*YOUR GOAL:*
Each line of the data that mentions the string "shows" needs to be identified and copied.

(Stored data entries)
(* Let $\mathbf{C}$ be a locally small category all of whose morphisms are monomorphisms, and let $\mathfrak{G} = (G_A)_{A \in \mathrm{Ob}(\mathbf{C})}$ be a family of groups with $G_A \le \mathrm{Aut}_\mathbf{C}(A)$ for all $A \in \mathrm{Ob}(\mathbf{C})$. If $\mathbf{C}$ has the $\mathfrak{G}$-Ramsey property, i.e. $t^\mathfrak{G}_\mathbf{C}(A) = 1$ for all $A \in \mathrm{Ob}(\mathbf{C})$, then $\mathrm{Aut}_\mathbf{C}(A) = G_A$ for all $A \in \mathrm{Ob}(\mathbf{C})$. In particular, if $\mathbf{C}$ has the embedding Ramsey property (the case $G_A = \{\mathrm{id}_A\}$ for all $A$), then every object of $\mathbf{C}$ is rigid, i.e. $\mathrm{Aut}_\mathbf{C}(A) = \{\mathrm{id}_A\}$.
   Context: $\mathrm{Aut}_\mathbf{C}(A)$ is the group of invertible morphisms $A \to A$. For $f, g \in \hom(A,B)$ write $f \sim_\mathfrak{G} g$ if $f = g \cdot \alpha$ for some $\alpha \in G_A$; let $\binom{B}{A}_\mathfrak{G} = \hom(A,B)/{\sim_\mathfrak{G}} = \{f \cdot G_A : f \in \hom(A,B)\}$. For $w \in \hom(B,C)$ and a set $X$ of classes in $\binom{B}{A}_\mathfrak{G}$, $w \cdot X = \{(w\cdot f)/{\sim_\mathfrak{G}} : f/{\sim_\mathfrak{G}} \in X\}$. For $k,t \in \mathbb{N}$ and objects $A \to B \to C$ (meaning the homsets are nonempty), $C \overset{\mathfrak{G}}{\longrightarrow} (B)^A_{k,t}$ means: for every coloring $\chi : \binom{C}{A}_\mathfrak{G} \to k = \{0,\dots,k-1\}$ there is $w \in \hom(B,C)$ with $|\chi(w \cdot \binom{B}{A}_\mathfrak{G})| \le t$. The small $\mathfrak{G}$-Ramsey degree $t^\mathfrak{G}_\mathbf{C}(A)$ is the least positive integer $n$ such that for all $k \in \mathbb{N}$ and all $B \in \mathrm{Ob}(\mathbf{C})$ there is $C \in \mathrm{Ob}(\mathbf{C})$ with $C \overset{\mathfrak{G}}{\longrightarrow} (B)^A_{k,n}$; if no such $n$ exists, $t^\mathfrak{G}_\mathbf{C}(A) = \infty$. *)

theory Defs
  imports Main
begin

text \<open>A (locally small) category with objects Ob, hom-sets hom A B, composition
  cmp g f (= g \<cdot> f, first f then g) and identities ident A.\<close>

definition category ::
  "'o set \<Rightarrow> ('o \<Rightarrow> 'o \<Rightarrow> 'm set) \<Rightarrow> ('m \<Rightarrow> 'm \<Rightarrow> 'm) \<Rightarrow> ('o \<Rightarrow> 'm) \<Rightarrow> bool" where
  "category Ob hom cmp ident \<longleftrightarrow>
     (\<forall>A\<in>Ob. ident A \<in> hom A A) \<and>
     (\<forall>A\<in>Ob. \<forall>B\<in>Ob. \<forall>C\<in>Ob. \<forall>f\<in>hom A B. \<forall>g\<in>hom B C. cmp g f \<in> hom A C) \<and>
     (\<forall>A\<in>Ob. \<forall>B\<in>Ob. \<forall>C\<in>Ob. \<forall>D\<in>Ob. \<forall>f\<in>hom A B. \<forall>g\<in>hom B C. \<forall>h\<in>hom C D.
        cmp h (cmp g f) = cmp (cmp h g) f) \<and>
     (\<forall>A\<in>Ob. \<forall>B\<in>Ob. \<forall>f\<in>hom A B. cmp f (ident A) = f \<and> cmp (ident B) f = f)"

definition all_mono ::
  "'o set \<Rightarrow> ('o \<Rightarrow> 'o \<Rightarrow> 'm set) \<Rightarrow> ('m \<Rightarrow> 'm \<Rightarrow> 'm) \<Rightarrow> bool" where
  "all_mono Ob hom cmp \<longleftrightarrow>
     (\<forall>X\<in>Ob. \<forall>A\<in>Ob. \<forall>B\<in>Ob. \<forall>f\<in>hom A B. \<forall>g\<in>hom X A. \<forall>h\<in>hom X A.
        cmp f g = cmp f h \<longrightarrow> g = h)"

definition Aut ::
  "('o \<Rightarrow> 'o \<Rightarrow> 'm set) \<Rightarrow> ('m \<Rightarrow> 'm \<Rightarrow> 'm) \<Rightarrow> ('o \<Rightarrow> 'm) \<Rightarrow> 'o \<Rightarrow> 'm set" where
  "Aut hom cmp ident A =
     {f \<in> hom A A. \<exists>g\<in>hom A A. cmp g f = ident A \<and> cmp f g = ident A}"

definition subgroup_Aut ::
  "('o \<Rightarrow> 'o \<Rightarrow> 'm set) \<Rightarrow> ('m \<Rightarrow> 'm \<Rightarrow> 'm) \<Rightarrow> ('o \<Rightarrow> 'm) \<Rightarrow> 'o \<Rightarrow> 'm set \<Rightarrow> bool" where
  "subgroup_Aut hom cmp ident A H \<longleftrightarrow>
     H \<subseteq> Aut hom cmp ident A \<and> ident A \<in> H \<and>
     (\<forall>a\<in>H. \<forall>b\<in>H. cmp a b \<in> H) \<and>
     (\<forall>a\<in>H. \<exists>b\<in>H. cmp b a = ident A \<and> cmp a b = ident A)"

definition gclass :: "('m \<Rightarrow> 'm \<Rightarrow> 'm) \<Rightarrow> ('o \<Rightarrow> 'm set) \<Rightarrow> 'o \<Rightarrow> 'm \<Rightarrow> 'm set" where
  "gclass cmp G A f = {cmp f \<alpha> | \<alpha>. \<alpha> \<in> G A}"

definition gbinom ::
  "('o \<Rightarrow> 'o \<Rightarrow> 'm set) \<Rightarrow> ('m \<Rightarrow> 'm \<Rightarrow> 'm) \<Rightarrow> ('o \<Rightarrow> 'm set) \<Rightarrow> 'o \<Rightarrow> 'o \<Rightarrow> 'm set set" where
  "gbinom hom cmp G B A = gclass cmp G A ` hom A B"

definition gact ::
  "('o \<Rightarrow> 'o \<Rightarrow> 'm set) \<Rightarrow> ('m \<Rightarrow> 'm \<Rightarrow> 'm) \<Rightarrow> ('o \<Rightarrow> 'm set) \<Rightarrow> 'o \<Rightarrow> 'o \<Rightarrow> 'm \<Rightarrow> 'm set set \<Rightarrow> 'm set set" where
  "gact hom cmp G A B w X =
     {gclass cmp G A (cmp w f) | f. f \<in> hom A B \<and> gclass cmp G A f \<in> X}"

definition gramsey_arrow ::
  "('o \<Rightarrow> 'o \<Rightarrow> 'm set) \<Rightarrow> ('m \<Rightarrow> 'm \<Rightarrow> 'm) \<Rightarrow> ('o \<Rightarrow> 'm set) \<Rightarrow> 'o \<Rightarrow> 'o \<Rightarrow> 'o \<Rightarrow> nat \<Rightarrow> nat \<Rightarrow> bool" where
  "gramsey_arrow hom cmp G C B A k t \<longleftrightarrow>
     hom A B \<noteq> {} \<and> hom B C \<noteq> {} \<and>
     (\<forall>\<chi> :: 'm set \<Rightarrow> nat. \<chi> ` gbinom hom cmp G C A \<subseteq> {..<k} \<longrightarrow>
        (\<exists>w\<in>hom B C. card (\<chi> ` gact hom cmp G A B w (gbinom hom cmp G B A)) \<le> t))"

definition gramsey_degree_le ::
  "'o set \<Rightarrow> ('o \<Rightarrow> 'o \<Rightarrow> 'm set) \<Rightarrow> ('m \<Rightarrow> 'm \<Rightarrow> 'm) \<Rightarrow> ('o \<Rightarrow> 'm set) \<Rightarrow> 'o \<Rightarrow> nat \<Rightarrow> bool" where
  "gramsey_degree_le Ob hom cmp G A n \<longleftrightarrow>
     (\<forall>k::nat. \<forall>B\<in>Ob. hom A B \<noteq> {} \<longrightarrow>
        (\<exists>C\<in>Ob. gramsey_arrow hom cmp G C B A k n))"

text \<open>Small G-Ramsey degree t^G_C(A) as an extended natural: least positive n, else \<infinity>
  (represented as None).\<close>
definition gramsey_degree ::
  "'o set \<Rightarrow> ('o \<Rightarrow> 'o \<Rightarrow> 'm set) \<Rightarrow> ('m \<Rightarrow> 'm \<Rightarrow> 'm) \<Rightarrow> ('o \<Rightarrow> 'm set) \<Rightarrow> 'o \<Rightarrow> nat option" where
  "gramsey_degree Ob hom cmp G A =
     (if \<exists>n>0. gramsey_degree_le Ob hom cmp G A n
      then Some (LEAST n. n > 0 \<and> gramsey_degree_le Ob hom cmp G A n) else None)"

end

theory Submission
  imports Defs
begin

text \<open>Suppose \<alpha> \<in> Aut(A) but \<alpha> \<notin> G_A. Each orbit f \<cdot> Aut(A) of a morphism f : A \<rightarrow> C is a
  union of G-classes; fix a representative of every orbit and colour a G-class 0 if it
  contains the representative of its own orbit, 1 otherwise. For any w : A \<rightarrow> C, with
  representative w \<gamma> of w \<cdot> Aut(A), the class of w \<gamma> has colour 0 while the class of w \<gamma> \<alpha>
  has colour 1: otherwise w \<gamma> \<alpha> \<delta> = w \<gamma> for some \<delta> \<in> G_A, and cancelling the monomorphisms
  w and \<gamma> gives \<alpha> = \<delta>\<inverse> \<in> G_A. So no copy of A in C is monochromatic, contradicting
  t(A) = 1.\<close>

locale cat =
  fixes Ob :: "'o set" and hom :: "'o \<Rightarrow> 'o \<Rightarrow> 'm set"
    and cmp :: "'m \<Rightarrow> 'm \<Rightarrow> 'm" and ident :: "'o \<Rightarrow> 'm"
  assumes category: "category Ob hom cmp ident"
begin

lemma ident_hom: "A \<in> Ob \<Longrightarrow> ident A \<in> hom A A"
  using category unfolding category_def by blast

lemma cmp_hom:
  "\<lbrakk>A \<in> Ob; B \<in> Ob; C \<in> Ob; f \<in> hom A B; g \<in> hom B C\<rbrakk> \<Longrightarrow> cmp g f \<in> hom A C"
  using category unfolding category_def by blast

lemma cmp_assoc:
  "\<lbrakk>A \<in> Ob; B \<in> Ob; C \<in> Ob; D \<in> Ob; f \<in> hom A B; g \<in> hom B C; h \<in> hom C D\<rbrakk>
    \<Longrightarrow> cmp h (cmp g f) = cmp (cmp h g) f"
  using category unfolding category_def by blast

lemma cmp_ident_right: "\<lbrakk>A \<in> Ob; B \<in> Ob; f \<in> hom A B\<rbrakk> \<Longrightarrow> cmp f (ident A) = f"
  using category unfolding category_def by blast

lemma cmp_ident_left: "\<lbrakk>A \<in> Ob; B \<in> Ob; f \<in> hom A B\<rbrakk> \<Longrightarrow> cmp (ident B) f = f"
  using category unfolding category_def by blast

lemma Aut_hom: "f \<in> Aut hom cmp ident A \<Longrightarrow> f \<in> hom A A"
  unfolding Aut_def by blast

lemma Aut_cmp_closed:
  assumes A: "A \<in> Ob" and a: "a \<in> Aut hom cmp ident A" and b: "b \<in> Aut hom cmp ident A"
  shows "cmp a b \<in> Aut hom cmp ident A"
proof -
  obtain a' where a': "a' \<in> hom A A" "cmp a' a = ident A" "cmp a a' = ident A"
    using a unfolding Aut_def by blast
  obtain b' where b': "b' \<in> hom A A" "cmp b' b = ident A" "cmp b b' = ident A"
    using b unfolding Aut_def by blast
  have homs: "a \<in> hom A A" "b \<in> hom A A" using a b by (simp_all add: Aut_hom)
  have ab: "cmp a b \<in> hom A A" and ba': "cmp b' a' \<in> hom A A"
    using cmp_hom A homs a'(1) b'(1) by blast+
  have "cmp (cmp b' a') (cmp a b) = cmp b' (cmp a' (cmp a b))"
    using cmp_assoc[OF A A A A ab a'(1) b'(1)] by simp
  also have "\<dots> = cmp b' (cmp (cmp a' a) b)"
    using cmp_assoc[OF A A A A homs(2,1) a'(1)] by simp
  also have "\<dots> = ident A" using a' b' cmp_ident_left A homs by simp
  finally have left: "cmp (cmp b' a') (cmp a b) = ident A" .
  have "cmp (cmp a b) (cmp b' a') = cmp a (cmp b (cmp b' a'))"
    using cmp_assoc[OF A A A A ba' homs(2,1)] by simp
  also have "\<dots> = cmp a (cmp (cmp b b') a')"
    using cmp_assoc[OF A A A A a'(1) b'(1) homs(2)] by simp
  also have "\<dots> = ident A" using a' b' cmp_ident_left A homs by simp
  finally have right: "cmp (cmp a b) (cmp b' a') = ident A" .
  show ?thesis unfolding Aut_def using ab ba' left right by blast
qed

lemma subgroup_Aut_Aut:
  assumes A: "A \<in> Ob"
  shows "subgroup_Aut hom cmp ident A (Aut hom cmp ident A)"
proof -
  have inverse: "\<exists>b\<in>Aut hom cmp ident A. cmp b a = ident A \<and> cmp a b = ident A"
    if "a \<in> Aut hom cmp ident A" for a
    using that unfolding Aut_def by blast
  have "ident A \<in> Aut hom cmp ident A"
    unfolding Aut_def using ident_hom A cmp_ident_left by blast
  then show ?thesis unfolding subgroup_Aut_def using inverse Aut_cmp_closed[OF A] by blast
qed

lemma subgroup_Aut_hom: "\<lbrakk>subgroup_Aut hom cmp ident A H; f \<in> H\<rbrakk> \<Longrightarrow> f \<in> hom A A"
  unfolding subgroup_Aut_def Aut_def by blast

lemma subgroup_Aut_ident: "subgroup_Aut hom cmp ident A H \<Longrightarrow> ident A \<in> H"
  unfolding subgroup_Aut_def by blast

*EXERCISE SOLUTION:*
  shows "cmp a b \<in> Aut hom cmp ident A"
  shows "subgroup_Aut hom cmp ident A (Aut hom cmp ident A)"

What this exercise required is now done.